Data acquisition and feature extraction: A data acquisition system is used to obtain the gearbox’s vibration signal. In order to more effectively remove disturbing components from the signal and highlight fault characteristic information, the raw signal is first pre-processed and then time domain statistical features and frequency domain statistical features are extracted from the raw and pre-processed signals, as shown in Section 4.2;
Feature ranking and selection: In this paper, we will use the LP method to transform the multi-label data and perform feature selection before utilizing ML-kNN as a classifier to evaluate the effectiveness of feature selection. In other words, the PT method is merely utilized to achieve feature selection, and once feature selection for the original feature set has been finished, the original multi-label problem will be taken into account once more to achieve multi-label classification using the AA method. As a result, our proposed processing method consists of 3 primary steps, as shown in Figure 2. The LP method is used in step 1 to transform the multi-label set L into ingle-label set Ls. The proposed feature selection method, which is illustrated in Section 4.3, is used to search the most sensitive features from the origin feature set in step 2. In step 3, the quality of the optimal subset Lm is evaluated by ML-kNN.
Fault decoupling and diagnosis: Using the index of the optimal features obtained through the training set, the corresponding optimal features are selected from the original high-dimensional feature set of the testing set. Finally, the fault decoupling results of the testing set are obtained by the trained ML-kNN classifier, which is trained by the training set.

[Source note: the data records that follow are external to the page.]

lemma foldl_xor_eq_parity: "foldl (\<noteq>) a xs = (a \<noteq> parity xs)"
  by (induction xs arbitrary: a) auto

lemma length_vxor [simp]: "length (vxor a b) = min (length a) (length b)"
  by (simp add: vxor_def)

lemma nth_vxor [simp]: "i < length a \<Longrightarrow> i < length b \<Longrightarrow> vxor a b ! i = (a ! i \<noteq> b ! i)"
  by (simp add: vxor_def)

lemma vxor_Nil: "vxor [] b = []"
  by (simp add: vxor_def)

lemma vxor_Cons: "vxor (a # as) (b # bs) = (a \<noteq> b) # vxor as bs"
  by (simp add: vxor_def)

lemma vxor_ones: "vxor c (ones (length c)) = vnot c"
  by (induction c) (simp_all add: vxor_def ones_def vnot_def)

lemma length_vand [simp]: "length (vand a b) = min (length a) (length b)"
  by (simp add: vand_def)

lemma nth_vand [simp]: "i < length a \<Longrightarrow> i < length b \<Longrightarrow> vand a b ! i = (a ! i \<and> b ! i)"
  by (simp add: vand_def)

lemma vor_eq_vnot_vand_vnot: "vor x y = vnot (vand (vnot x) (vnot y))"
  by (induction x arbitrary: y) (auto simp: vor_def vnot_def vand_def zip_Cons1 split: list.splits)

definition lz_point :: "bvec \<Rightarrow> bvec list \<Rightarrow> bool list \<Rightarrow> bvec" where
  "lz_point c G \<beta> = foldl (\<lambda>acc (g, b). if b then vxor acc g else acc) c (zip G \<beta>)"

definition selected_xor :: "bvec list \<Rightarrow> bool list \<Rightarrow> nat \<Rightarrow> bool" where
  "selected_xor G \<beta> i = parity (map2 (\<lambda>g b. b \<and> g ! i) G \<beta>)"

lemma lz_set_eq: "lz_set (c, G) = {lz_point c G \<beta> | \<beta>. length \<beta> = length G}"
  by (simp add: lz_set_def lz_point_def)

lemma lz_set_no_generators: "lz_set (c, []) = {c}"
  by (simp add: lz_set_eq lz_point_def)

lemma length_lz_point:
  "\<forall>g\<in>set G. length g = length c \<Longrightarrow> length (lz_point c G \<beta>) = length c"
proof (induction G arbitrary: c \<beta>)
  case (Cons g G)
  then show ?case by (cases \<beta>) (auto simp: lz_point_def)
qed (simp add: lz_point_def)

lemma nth_lz_point:
  "\<forall>g\<in>set G. length g = length c \<Longrightarrow> i < length c \<Longrightarrow>
    lz_point c G \<beta> ! i = (c ! i \<noteq> selected_xor G \<beta> i)"
proof (induction G arbitrary: c \<beta>)
  case (Cons g G)
  then show ?case by (cases \<beta>) (auto simp: lz_point_def selected_xor_def)
qed (simp add: lz_point_def selected_xor_def)

lemma mem_lz_set_iff:
  assumes "wf_lz n (c, G)"
  shows "x \<in> lz_set (c, G) \<longleftrightarrow> length x = n \<and>
    (\<exists>\<beta>. length \<beta> = length G \<and> (\<forall>i<n. x ! i = (c ! i \<noteq> selected_xor G \<beta> i)))"
proof -
  have lens: "length c = n" "\<forall>g\<in>set G. length g = length c"
    using assms by (auto simp: wf_lz_def)
  show ?thesis
  proof
    assume "x \<in> lz_set (c, G)"
    then obtain \<beta> where "length \<beta> = length G" "x = lz_point c G \<beta>"
      by (auto simp: lz_set_eq)
    then show "length x = n \<and> (\<exists>\<beta>. length \<beta> = length G \<and>
        (\<forall>i<n. x ! i = (c ! i \<noteq> selected_xor G \<beta> i)))"
      using lens length_lz_point nth_lz_point by metis
  next
    assume "length x = n \<and> (\<exists>\<beta>. length \<beta> = length G \<and>
        (\<forall>i<n. x ! i = (c ! i \<noteq> selected_xor G \<beta> i)))"
    then obtain \<beta> where "length x = n" "length \<beta> = length G"
      "\<forall>i<n. x ! i = (c ! i \<noteq> selected_xor G \<beta> i)" by blast
    moreover from this have "x = lz_point c G \<beta>"
      using lens by (intro nth_equalityI) (simp_all add: length_lz_point nth_lz_point)
    ultimately show "x \<in> lz_set (c, G)"
      by (auto simp: lz_set_eq)
  qed
qed

lemma selected_xor_append:
  "length \<beta>\<^sub>1 = length G\<^sub>1 \<Longrightarrow>
    selected_xor (G\<^sub>1 @ G\<^sub>2) (\<beta>\<^sub>1 @ \<beta>\<^sub>2) i = (selected_xor G\<^sub>1 \<beta>\<^sub>1 i \<noteq> selected_xor G\<^sub>2 \<beta>\<^sub>2 i)"
  by (simp add: selected_xor_def)

lemma selected_xor_map_vand:
  "i < length c \<Longrightarrow> \<forall>g\<in>set G. i < length g \<Longrightarrow>
    selected_xor (map (vand c) G) \<beta> i = (c ! i \<and> selected_xor G \<beta> i)"
proof (induction G arbitrary: \<beta>)
  case (Cons g G)
  then show ?case by (cases \<beta>) (auto simp: selected_xor_def)
qed (simp add: selected_xor_def)

lemma selected_xor_products:
  assumes "length \<beta>\<^sub>1 = length G\<^sub>1" "length \<beta>\<^sub>2 = length G\<^sub>2"
    and "\<forall>g\<in>set G\<^sub>1. i < length g" "\<forall>g\<in>set G\<^sub>2. i < length g"
  shows "selected_xor [vand g\<^sub>1 g\<^sub>2. g\<^sub>1 \<leftarrow> G\<^sub>1, g\<^sub>2 \<leftarrow> G\<^sub>2] [b\<^sub>1 \<and> b\<^sub>2. b\<^sub>1 \<leftarrow> \<beta>\<^sub>1, b\<^sub>2 \<leftarrow> \<beta>\<^sub>2] i
    = (selected_xor G\<^sub>1 \<beta>\<^sub>1 i \<and> selected_xor G\<^sub>2 \<beta>\<^sub>2 i)"
  using assms
proof (induction \<beta>\<^sub>1 G\<^sub>1 rule: list_induct2)
  case (Cons b\<^sub>1 \<beta>\<^sub>1 g\<^sub>1 G\<^sub>1)
  have "selected_xor (map (vand g\<^sub>1) G\<^sub>2) (map ((\<and>) b\<^sub>1) \<beta>\<^sub>2) i
      = (b\<^sub>1 \<and> g\<^sub>1 ! i \<and> selected_xor G\<^sub>2 \<beta>\<^sub>2 i)"
    using Cons.prems \<open>length \<beta>\<^sub>2 = length G\<^sub>2\<close>
    by (induction \<beta>\<^sub>2 G\<^sub>2 rule: list_induct2) (auto simp: selected_xor_def)
  then show ?case
    using Cons by (auto simp: selected_xor_def)
qed (simp add: selected_xor_def)

lemma wf_lz_lz_not: "wf_lz n Z \<Longrightarrow> wf_lz n (lz_not Z)"
  by (simp add: wf_lz_def lz_not_def ones_def)

lemma wf_lz_lz_xor: "wf_lz n Z\<^sub>1 \<Longrightarrow> wf_lz n Z\<^sub>2 \<Longrightarrow> wf_lz n (lz_xor Z\<^sub>1 Z\<^sub>2)"
  by (auto simp: wf_lz_def lz_xor_def)

lemma wf_lz_lz_and: "wf_lz n Z\<^sub>1 \<Longrightarrow> wf_lz n Z\<^sub>2 \<Longrightarrow> wf_lz n (lz_and Z\<^sub>1 Z\<^sub>2)"
  by (auto simp: wf_lz_def lz_and_def split: prod.splits)

lemma wf_lz_lz_matmul: "wf_lz (length P) (lz_matmul P Z)"
  by (simp add: wf_lz_def lz_matmul_def mat_vec_def)

lemma vnot_mem_lz_not:
  assumes "wf_lz n Z" "x \<in> lz_set Z"
  shows "vnot x \<in> lz_set (lz_not Z)"
proof -
  obtain c G where Z: "Z = (c, G)" by fastforce
  have not_Z: "lz_not Z = (vnot c, G)" "wf_lz n (vnot c, G)"
    using assms(1) by (auto simp: Z lz_not_def vxor_ones wf_lz_def vnot_def)
  obtain \<beta> where "length \<beta> = length G" "\<forall>i<n. x ! i = (c ! i \<noteq> selected_xor G \<beta> i)"
    and "length x = n" "length c = n"
    using assms mem_lz_set_iff[of n c G x] by (auto simp: Z wf_lz_def)
  then show ?thesis
    unfolding not_Z(1) mem_lz_set_iff[OF not_Z(2)] by (auto simp: vnot_def)
qed

lemma vxor_mem_lz_xor:
  assumes wf: "wf_lz n Z\<^sub>1" "wf_lz n Z\<^sub>2" and mem: "x \<in> lz_set Z\<^sub>1" "y \<in> lz_set Z\<^sub>2"
  shows "vxor x y \<in> lz_set (lz_xor Z\<^sub>1 Z\<^sub>2)"
proof -
  obtain c\<^sub>1 G\<^sub>1 c\<^sub>2 G\<^sub>2 where Z: "Z\<^sub>1 = (c\<^sub>1, G\<^sub>1)" "Z\<^sub>2 = (c\<^sub>2, G\<^sub>2)" by fastforce
  obtain \<beta>\<^sub>1 where \<beta>\<^sub>1: "length \<beta>\<^sub>1 = length G\<^sub>1" "\<forall>i<n. x ! i = (c\<^sub>1 ! i \<noteq> selected_xor G\<^sub>1 \<beta>\<^sub>1 i)"
    and "length x = n"
    using mem(1) mem_lz_set_iff[OF wf(1)[unfolded Z]] by (auto simp: Z)
  obtain \<beta>\<^sub>2 where \<beta>\<^sub>2: "length \<beta>\<^sub>2 = length G\<^sub>2" "\<forall>i<n. y ! i = (c\<^sub>2 ! i \<noteq> selected_xor G\<^sub>2 \<beta>\<^sub>2 i)"
    and "length y = n"
    using mem(2) mem_lz_set_iff[OF wf(2)[unfolded Z]] by (auto simp: Z)
  have "length c\<^sub>1 = n" "length c\<^sub>2 = n"
    using wf by (simp_all add: Z wf_lz_def)
  moreover have "wf_lz n (vxor c\<^sub>1 c\<^sub>2, G\<^sub>1 @ G\<^sub>2)"
    using wf_lz_lz_xor[OF wf] by (simp add: Z lz_xor_def)
  ultimately show ?thesis
    unfolding Z lz_xor_def fst_conv snd_conv mem_lz_set_iff[OF \<open>wf_lz n (vxor c\<^sub>1 c\<^sub>2, G\<^sub>1 @ G\<^sub>2)\<close>]
    using \<beta>\<^sub>1 \<beta>\<^sub>2 \<open>length x = n\<close> \<open>length y = n\<close>
    by (intro conjI exI[of _ "\<beta>\<^sub>1 @ \<beta>\<^sub>2"]) (auto simp: selected_xor_append)
qed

4.2. Original Feature Extraction of Vibration Signals

The obtained vibration signal is generally non-smooth and non-linear and has a low signal-to-noise ratio since it is restricted by the actual environment. This raises the difficulty of feature extraction and makes it more difficult to extract fault information from the vibration signal. It can often be difficult to adequately describe the fault state of the equipment by extracting only single or single domain features due to the complicated coupling behavior in the compound fault. Therefore, in this paper, the Teager energy operator and empirical modal decomposition (EMD) algorithm will be used to preprocess the signal and then extract the statistical features from the vibration signal, and the process is shown in Figure 3.

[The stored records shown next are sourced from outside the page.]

lemma E1_gen_subspace_eq:
  assumes f: "f \<in> E1 V1 V2" "norm f = 1" and x: "x \<in> E1 V1 V2" "x \<in> gen_subspace V1 V2 f"
  shows "x = cscale (cinner x f) f"
proof -
  define r where "r = x - cscale (cinner x f) f"
  have E1: "csubspace (E1 V1 V2)" and H: "csubspace (gen_subspace V1 V2 f)"
    using closed_csubspace_E1 closed_csubspace_ccspan
    by (auto simp: closed_csubspace_def gen_subspace_def)
  have "r \<in> E1 V1 V2" "r \<in> gen_subspace V1 V2 f"
    unfolding r_def using f x gen_subspace_self[of f V1 V2]
    by (auto intro!: csubspace_diff[OF E1] csubspace_diff[OF H] csubspace_cscale[OF E1] csubspace_cscale[OF H])
  moreover have "cinner f r = 0"
    using f(2) by (simp add: r_def cinner_diff_right cinner_cscale_right cinner_self cinner_commute[of f x])
  ultimately have "r \<in> orth_compl {r}"
    using gen_subspace_orth_E1 by blast
  then show ?thesis by (simp add: orth_compl_def r_def)
qed

lemma gen_subspace_irreducible:
  assumes f: "f \<in> E1 V1 V2" "norm f = 1" and H: "reducing V1 V2 (gen_subspace V1 V2 f)"
  shows "irreducible_on V1 V2 (gen_subspace V1 V2 f)"
  unfolding irreducible_on_def
proof (intro allI impI)
  fix N assume NH: "N \<subseteq> gen_subspace V1 V2 f" and N: "reducing V1 V2 N"
  have Nc: "reducing V1 V2 (orth_compl N)"
    using N by (intro reducing_orth_compl V1.clinear V2.clinear) (auto simp: reducing_def)
  have "closed_csubspace N" using N by (simp add: reducing_def)
  then obtain p q where pq: "f = p + q" "p \<in> N" "q \<in> orth_compl N"
    by (rule orth_compl_decomposition)
  have p: "p = cscale (cinner p f) f"
    using E1_gen_subspace_eq[OF f reducing_E1_component[OF N f(1) pq]] pq(2) NH by blast
  show "N = {0} \<or> N = gen_subspace V1 V2 f"
  proof (cases "cinner p f = 0")
    case False
    then have "f = cscale (1 / cinner p f) p"
      by (subst p) (simp add: cscale_cscale)
    then have "f \<in> N" using pq(2) N csubspace_cscale by (metis reducing_def closed_csubspace_def)
    then have "gen_subspace V1 V2 f \<subseteq> N"
      using N by (intro gen_subspace_subset) (auto simp: reducing_def)
    then show ?thesis using NH by blast
  next
    case True
    then have "f \<in> orth_compl N" using p pq by simp
    then have "gen_subspace V1 V2 f \<subseteq> orth_compl N"
      using Nc by (intro gen_subspace_subset) (auto simp: reducing_def)
    then have "N \<subseteq> {0}" using NH orth_compl_self by blast
    then show ?thesis using N by (auto simp: reducing_def closed_csubspace_def csubspace_0)
  qed
qed

lemma gen_subspace_orthogonal:
  assumes "reducing V1 V2 (gen_subspace V1 V2 f)" "g \<in> E1 V1 V2" "cinner f g = 0"
    and "x \<in> gen_subspace V1 V2 f" "y \<in> gen_subspace V1 V2 g"
  shows "cinner x y = 0"
proof -
  have "reducing V1 V2 (orth_compl (gen_subspace V1 V2 f))"
    using assms(1) by (intro reducing_orth_compl V1.clinear V2.clinear) (auto simp: reducing_def)
  moreover have "g \<in> orth_compl (gen_subspace V1 V2 f)"
    using orth_compl_sym[OF gen_subspace_orth_E1[OF assms(2,3)]] by blast
  ultimately have "gen_subspace V1 V2 g \<subseteq> orth_compl (gen_subspace V1 V2 f)"
    by (intro gen_subspace_subset) (auto simp: reducing_def)
  then show ?thesis using assms(4,5) by (auto simp: orth_compl_def cinner_eq_0_commute)
qed

lemma reducing_orth_compl_UN:
  assumes "\<And>i. i \<in> I \<Longrightarrow> reducing V1 V2 (M i)"
  shows "reducing V1 V2 (orth_compl (\<Union>i\<in>I. M i))"
  using assms by (intro reducing_orth_compl V1.clinear V2.clinear) (fastforce simp: reducing_def)+

end

locale normal_commutator = commuting_isometries +
  assumes normal_commut: "normal_op (commut V1 V2)"
begin

lemma commut_V1 [simp]: "T (V1 x) = 0"
  using normal_op_norm_adj[OF normal_commut, of "V1 x"] by simp

lemma adj_commut_V2 [simp]: "adj T (V2 x) = 0"
  using normal_op_norm_adj[OF normal_commut, of "V2 x"] by simp

lemma adj2_commut [simp]: "A2 (T x) = 0"
  by (rule cinner_ext_left)
    (simp add: cinner_adj_left[OF V2.clinear, symmetric] cinner_adj_right[OF clinear_commut])

lemma adj1_adj_commut [simp]: "A1 (adj T x) = 0"
  by (rule cinner_ext_left)
    (simp add: cinner_adj_left[OF V1.clinear, symmetric] cinner_adj_left[OF clinear_commut, symmetric])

Specifically, to emphasize the transient components of the signal, the paper first demodulates the original signal using the Teager energy operator [42]. Then the vibration signal is divided into numerous intrinsic mode functions (IMFs) via the EMD algorithm. These IMFs contain local characteristic signals of the original signal at different time scales [43], and each component exhibits singularity and reflects a piece of unique frequency information in the signal. The first few orders of IMF that contain almost all the information are selected, and then time domain features and frequency domain features are extracted from them to construct multi-domain feature sets. These features are summarized in Table A1, denoted as T1–T11 and F1–F13, respectively, and more information on their physical significance can be obtained in the literature [44]. In order to obtain more fault information, features will be extracted from both the original and demodulated signals. As a result, for each signal sample, 24 × 2 × (M + 1) features will be extracted, where M is the number of chosen IMFs. In this paper, the first 5 IMFs will be selected for analysis, so the original feature vector of each signal will contain 288 features.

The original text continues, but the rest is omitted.